Proof of Principle Computer Controlled Poppery Coffee Roaster

Description of the coffee roaster:                                        (updated 8/29/03)

This coffee roaster is a functioning computer controlled roaster capable of precise roasting profiles.   Some of the equipment used in it is a bit excessive,  so I consider it a work in progress, -- lets  call it a proof of principle computer controlled roaster --  but the plan is to eventually replace all of the  interfacing elements with pieces that are of reasonable cost, and general availability.  The roaster itself is a West Bend Poppery I ( the original style).   Pictures below show the computer and roaster set up on my back porch.   Click on the pictures for  200K, better detailed, versions.  Some of the design aspects  are described below, and the programming code is available.

A more detailed discussion of the control algorithms that I have used can be found in the profiles pages


picture of roaster              closer view                
The gear in the picture are:  

The Roaster
Thermometry
The Computer
Equipment List
Code

    The roaster:  A West Bend Poppery I.  It has a copper sleeve for a chamber extension, with a funnel on top of that.  These extensions, combined  with running the fan with 140+ Volts, lets me roast 180 grams of coffee at a time  The fan is run off the blue variac on the floor  (directly in line with the leftmost table leg). -- Hooray for Ebay!    The new length of the  roast chamber  required that the plastic shroud be extended -- that's been done by wrapping  aluminum sheet metal wrapping around the plastic roast cover.  It still blows chaff out pretty well, as seen by the pile of it in the wire  basket.  A 4 inch square glass plate (on top of the popper) makes a nice replacement for the popcorn kernel tray, it's much easier to see through.
               
   Thermometry  comes from two thermocouples in the roaster.  One  measures the heater air temperature, by virtue of its placement  between the internal heating coil and the roast chamber.  It enters the roaster in the back along with the power cords, and enters the chamber through a hole drilled in the aluminum housing.  The second, bean sensing thermometer  snakes in where the chaff blows out, and runs down inside  the roast chamber to within  1.5 inches of the bottom.   The roaster is tilted to get a consistent bean circulation direction, this helps roast uniformity and  aids thermometry.  The thermocouples are directly read by the digital volt-meters seen to the left of the computer on the table.    I actually have four thermocouple in the rig: each of the TC's in the roaster  has a reverse connected TC attached to it,  This helps to eliminate stray thermoelectric voltages, and is, I'm told, the most accurate way to use a thermocouple.   Because of the reverse junction thermocouples, the voltmeters sense the difference between room temperature and the temperature of the sensor.   The use of high quality voltmeters here, with low DC offsets, is important since the TC's generate only 22uV or so of signal per degree F.

    The Computer:  This is an old pentium that was unused.  It has way more than enough horsepower to control the roaster.   It runs DOS.   I used the freely available Borlad Turbo-C 2.01 compiler (see http://community.borland.com/museum/), and a bit of freeware code that allows direct access to the system clock, (PCTIMER, I used  version 1.3) in order to get better timing accuracy than the DOS-standard 18 msec.   The control program divides the roast into a number of segments, each of which has its own pre-planned heater air temperature ramp rate.  Within each segment, the computer  regulates the amount of time that the heater is on,  in order to reach the planned heater air temp.

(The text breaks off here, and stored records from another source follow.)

lemma sum_two_deltas_mult:
  assumes "a < n" "b < n" "a' < n" "b' < n"
  shows "(\<Sum>k\<in>{0..<n::nat}. (x * (if k = a then 1 else 0) + y * (if k = b then 1 else 0)) *
                  (x' * (if k = a' then 1 else 0) + y' * (if k = b' then 1 else 0)) :: real) =
     x * x' * (if a = a' then 1 else 0) + x * y' * (if a = b' then 1 else 0)
     + y * x' * (if b = a' then 1 else 0) + y * y' * (if b = b' then 1 else 0)"
proof -
  have "(\<Sum>k\<in>{0..<n::nat}. (x * (if k = a then 1 else 0) + y * (if k = b then 1 else 0)) *
                  (x' * (if k = a' then 1 else 0) + y' * (if k = b' then 1 else 0)) :: real) =
     (\<Sum>k\<in>{0..<n::nat}. (if k = a then x * x' * (if a = a' then 1 else 0) else 0)
        + (if k = a then x * y' * (if a = b' then 1 else 0) else 0)
        + (if k = b then y * x' * (if b = a' then 1 else 0) else 0)
        + (if k = b then y * y' * (if b = b' then 1 else 0) else 0))"
    by (intro sum.cong refl) (auto simp: algebra_simps)
  also have "\<dots> = x * x' * (if a = a' then 1 else 0) + x * y' * (if a = b' then 1 else 0)
     + y * x' * (if b = a' then 1 else 0) + y * y' * (if b = b' then 1 else 0)"
    using assms by (simp add: sum.distrib sum.delta sum.delta')
  finally show ?thesis .
qed

lemma PT_mat_mult_transpose: "PT_mat s * transpose_mat (PT_mat s) = 1\<^sub>m s"
proof (rule eq_matI)
  fix i j assume "i < dim_row (1\<^sub>m s)" "j < dim_col (1\<^sub>m s)"
  then have ij: "i < s" "j < s" by auto
  have half: "sqrt 2 / 2 * (sqrt 2 / 2) = (1 / 2 :: real)" by (simp add: field_simps)
  have "(PT_mat s * transpose_mat (PT_mat s)) $$ (i,j) = (\<Sum>k\<in>{0..<s}. PT_mat s $$ (i,k) * PT_mat s $$ (j,k))"
    using ij by (simp add: times_mat_def scalar_prod_def)
  also have "\<dots> = (\<Sum>k\<in>{0..<s}. (pt_anti s i * (if k = s - 1 - i then 1 else 0) + pt_diag s i * (if k = i then 1 else 0)) *
                       (pt_anti s j * (if k = s - 1 - j then 1 else 0) + pt_diag s j * (if k = j then 1 else 0)))"
    using ij by (intro sum.cong refl) (simp add: index_PT_mat)
  also have "\<dots> = pt_anti s i * pt_anti s j * (if s - 1 - i = s - 1 - j then 1 else 0)
     + pt_anti s i * pt_diag s j * (if s - 1 - i = j then 1 else 0)
     + pt_diag s i * pt_anti s j * (if i = s - 1 - j then 1 else 0)
     + pt_diag s i * pt_diag s j * (if i = j then 1 else 0)"
    using ij by (intro sum_two_deltas_mult) auto
  also have "\<dots> = 1\<^sub>m s $$ (i,j)"
  proof (cases "i = j")
    case True
    then show ?thesis using ij by (auto simp: pt_anti_def pt_diag_def half)
  next
    case False
    show ?thesis
    proof (cases "j = s - 1 - i")
      case True
      then show ?thesis using ij False by (auto simp: pt_anti_def pt_diag_def half)
    next
      case False
      then have "i \<noteq> s - 1 - j" using ij by auto
      then show ?thesis using ij \<open>i \<noteq> j\<close> False by (auto simp: pt_anti_def pt_diag_def)
    qed
  qed
  finally show "(PT_mat s * transpose_mat (PT_mat s)) $$ (i,j) = 1\<^sub>m s $$ (i,j)" .
qed auto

This ON time is calculated with a PID approach twice a second and is implemented every 1/6 second.  (There some were loop stability  problems measuring once per second, believe it or not ..)  The output goes to a d-to-a (barely visible under the bench the roaster is on) which switches a SSR that cycles power on and off to he heater coil.  The SSR is mounted on the side of the Big Variac -- I used to use this for manual control, but now it just gives me 140 Volts for the SSR input.  
             I believe that an important element of my ability to control the roast is how I switch between segments. The decision of when to move onto the next "segment" is determined by one of: time, heater air temp, or measured bean temp. I was very worried that a regular ramp/soak, i.e. just controlling and measuring the heater -- where the end of a segment would be determined independent of the bean temp -- would do a poor job of adjusting for different beans, changes in humidity or ambient temperature, air flow adjustments, and so on.  And I was  also worried that the control loop would be unstable if the input were instead just the bean temperature.  This would certainly be the case in the WBI with its large non-coffee heat capacity.
        So instead I went for a very flexible control algorithm.  I have eleven segments in my implementation of Jim Schulman's modified HotTop style profile:  4 of these switch on bean temperature, two on time alone, and the rest make specific net increases or decreases in the heater air temperature.  Each section has a specific ramp for the heater air target temperature, and has regular PID control of the heater air temperature within that segment.   Roasts are very-very repeatable, even for widely different ambient temperatures.  I was once able to roast at 17 degrees F ambient temperature.

Equipment List:
An old Pentium machine Running DOS,  with an ebay purchased National Instruments GPIB interface card

Two HP34401 digital voltmeters with GPIB interface  (these are expensive, but are borrowed)
       -- these read the thermocouple voltages directly.  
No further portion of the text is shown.